### About this exercise:
Here are some records; copy every line that holds the word "False".

[[ Records to process open ]]

text \<open>Here \<open>out r\<close> and \<open>inn r\<close> stand for \<open>x \<rightarrow> y\<^sub>r\<close> and \<open>y\<^sub>r \<rightarrow> x\<close>, where
  \<open>y\<^sub>0, \<dots>, y\<^sub>M\<close> is one parity class of the shortest path.\<close>

locale adjacency_propagation =
  fixes out inn :: "nat \<Rightarrow> bool" and M :: nat
  assumes M_ge: "M \<ge> 2"
    and out_step_down: "\<And>r. out r \<Longrightarrow> 1 \<le> r \<Longrightarrow> r \<le> M \<Longrightarrow> out (r - 1) \<or> inn (r - 1)"
    and out_step_down2: "\<And>r. out r \<Longrightarrow> 2 \<le> r \<Longrightarrow> r \<le> M \<Longrightarrow> out (r - 2) \<or> inn (r - 2)"
    and out_wrap: "\<And>r. out r \<Longrightarrow> r \<le> 1 \<Longrightarrow> out (r + M - 1) \<or> inn (r + M - 1)"
    and inn_step_up: "\<And>r. inn r \<Longrightarrow> r + 1 \<le> M \<Longrightarrow> out (r + 1) \<or> inn (r + 1)"
    and inn_step_up2: "\<And>r. inn r \<Longrightarrow> r + 2 \<le> M \<Longrightarrow> out (r + 2) \<or> inn (r + 2)"
    and inn_wrap:
      "\<And>r. inn r \<Longrightarrow> M - 1 \<le> r \<Longrightarrow> r \<le> M \<Longrightarrow> out (r - (M - 1)) \<or> inn (r - (M - 1))"
    and inn_out_gap: "\<And>r r'. inn r \<Longrightarrow> out r' \<Longrightarrow> r \<le> M \<Longrightarrow> r' \<le> M \<Longrightarrow> r' \<le> r + 1"
begin

definition end_pattern :: bool where
  "end_pattern \<longleftrightarrow> out 0 \<and> \<not> inn 0 \<and> out 1 \<and> \<not> inn 1 \<and>
     inn (M - 1) \<and> \<not> out (M - 1) \<and> inn M \<and> \<not> out M"

text \<open>Reversing all arcs and the path maps index \<open>r\<close> to \<open>M - r\<close> and swaps \<open>out\<close> and \<open>inn\<close>.\<close>

lemma dual: "adjacency_propagation (\<lambda>r. inn (M - r)) (\<lambda>r. out (M - r)) M"
proof
  fix r
  show "inn (M - r) \<Longrightarrow> 1 \<le> r \<Longrightarrow> r \<le> M \<Longrightarrow> inn (M - (r - 1)) \<or> out (M - (r - 1))"
    using inn_step_up[of "M - r"] by (simp add: Suc_diff_le disj_commute)
  show "inn (M - (r - 2)) \<or> out (M - (r - 2))" if "inn (M - r)" "2 \<le> r" "r \<le> M"
  proof -
    have "M - (r - 2) = M - r + 2" using that by linarith
    then show ?thesis using inn_step_up2[OF \<open>inn (M - r)\<close>] that by auto
  qed
  show "inn (M - r) \<Longrightarrow> r \<le> 1 \<Longrightarrow> inn (M - (r + M - 1)) \<or> out (M - (r + M - 1))"
    using inn_wrap[of "M - r"] M_ge by (simp add: disj_commute)
  show "out (M - r) \<Longrightarrow> r + 1 \<le> M \<Longrightarrow> inn (M - (r + 1)) \<or> out (M - (r + 1))"
    using out_step_down[of "M - r"] by (simp add: disj_commute)
  show "out (M - r) \<Longrightarrow> r + 2 \<le> M \<Longrightarrow> inn (M - (r + 2)) \<or> out (M - (r + 2))"
    using out_step_down2[of "M - r"] by (simp add: disj_commute)
  show "out (M - r) \<Longrightarrow> M - 1 \<le> r \<Longrightarrow> r \<le> M \<Longrightarrow>
      inn (M - (r - (M - 1))) \<or> out (M - (r - (M - 1)))"
    using out_wrap[of "M - r"] M_ge by (simp add: disj_commute)
  fix r'
  show "out (M - r) \<Longrightarrow> inn (M - r') \<Longrightarrow> r \<le> M \<Longrightarrow> r' \<le> M \<Longrightarrow> r' \<le> r + 1"
    using inn_out_gap[of "M - r'" "M - r"] by simp
qed (use M_ge in simp)

lemma dual_end_pattern:
  "adjacency_propagation.end_pattern (\<lambda>r. inn (M - r)) (\<lambda>r. out (M - r)) M \<longleftrightarrow> end_pattern"
  using M_ge by (auto simp: adjacency_propagation.end_pattern_def[OF dual] end_pattern_def)

lemma inn_upward:
  assumes "inn r" and no_out: "\<forall>j. r < j \<and> j \<le> M \<longrightarrow> \<not> out j" and "r \<le> j" "j \<le> M"
  shows "inn j"
  using assms(3,4)
proof (induction j rule: dec_induct)
  case base
  show ?case by fact
next
  case (step j)
  then show ?case using inn_step_up[of j] no_out by auto
qed

lemma all_inn_if_no_out:
  assumes no_out: "\<forall>r\<le>M. \<not> out r" and "inn r0" "r0 \<le> M"
  shows "\<forall>r\<le>M. inn r"
proof -
  have "inn M" using inn_upward[OF \<open>inn r0\<close>] assms by simp
  then have "inn 1" using inn_wrap[of M] no_out M_ge by simp
  then have "inn (M - 1)" using inn_upward[of 1 "M - 1"] no_out M_ge by simp
  then have "inn 0" using inn_wrap[of "M - 1"] no_out by simp
  then show ?thesis using inn_upward[of 0] no_out by simp
qed

lemma all_out_if_no_inn:
  assumes "\<forall>r\<le>M. \<not> inn r" and "out r0" "r0 \<le> M"
  shows "\<forall>r\<le>M. out r"
proof (intro allI impI)
  fix r
  assume "r \<le> M"
  have "\<forall>r\<le>M. out (M - r)"
    using adjacency_propagation.all_inn_if_no_out[OF dual, of "M - r0"] assms by auto
  then show "out r" using \<open>r \<le> M\<close> by (metis diff_diff_cancel diff_le_self)
qed

lemma not_out_above_gap:
  assumes gap: "\<not> out a" "\<not> inn a" and "a < r" "r \<le> M"
  shows "\<not> out r"
  using assms(3,4)
proof (induction r rule: less_induct)
  case (less r)
  show ?case
  proof
    assume "out r"
    consider "r = a + 1" | "r = a + 2" | "a + 3 \<le> r" using less.prems by linarith
    then show False
    proof cases
      case 1
      then show False using out_step_down[OF \<open>out r\<close>] less.prems gap by simp
    next
      case 2
      then show False using out_step_down2[OF \<open>out r\<close>] less.prems gap by simp
    next
      case 3
      then have "inn (r - 2)" using out_step_down2[OF \<open>out r\<close>] less.IH[of "r - 2"] less.prems by simp
      then have "r \<le> r - 2 + 1" using inn_out_gap[OF _ \<open>out r\<close>] less.prems by simp
      then show False using 3 by simp
    qed
  qed
qed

[[ Records to process closed ]]

### Problem solution:
    then show False
      then show False using out_step_down[OF \<open>out r\<close>] less.prems gap by simp
      then show False using out_step_down2[OF \<open>out r\<close>] less.prems gap by simp
      then show False using 3 by simp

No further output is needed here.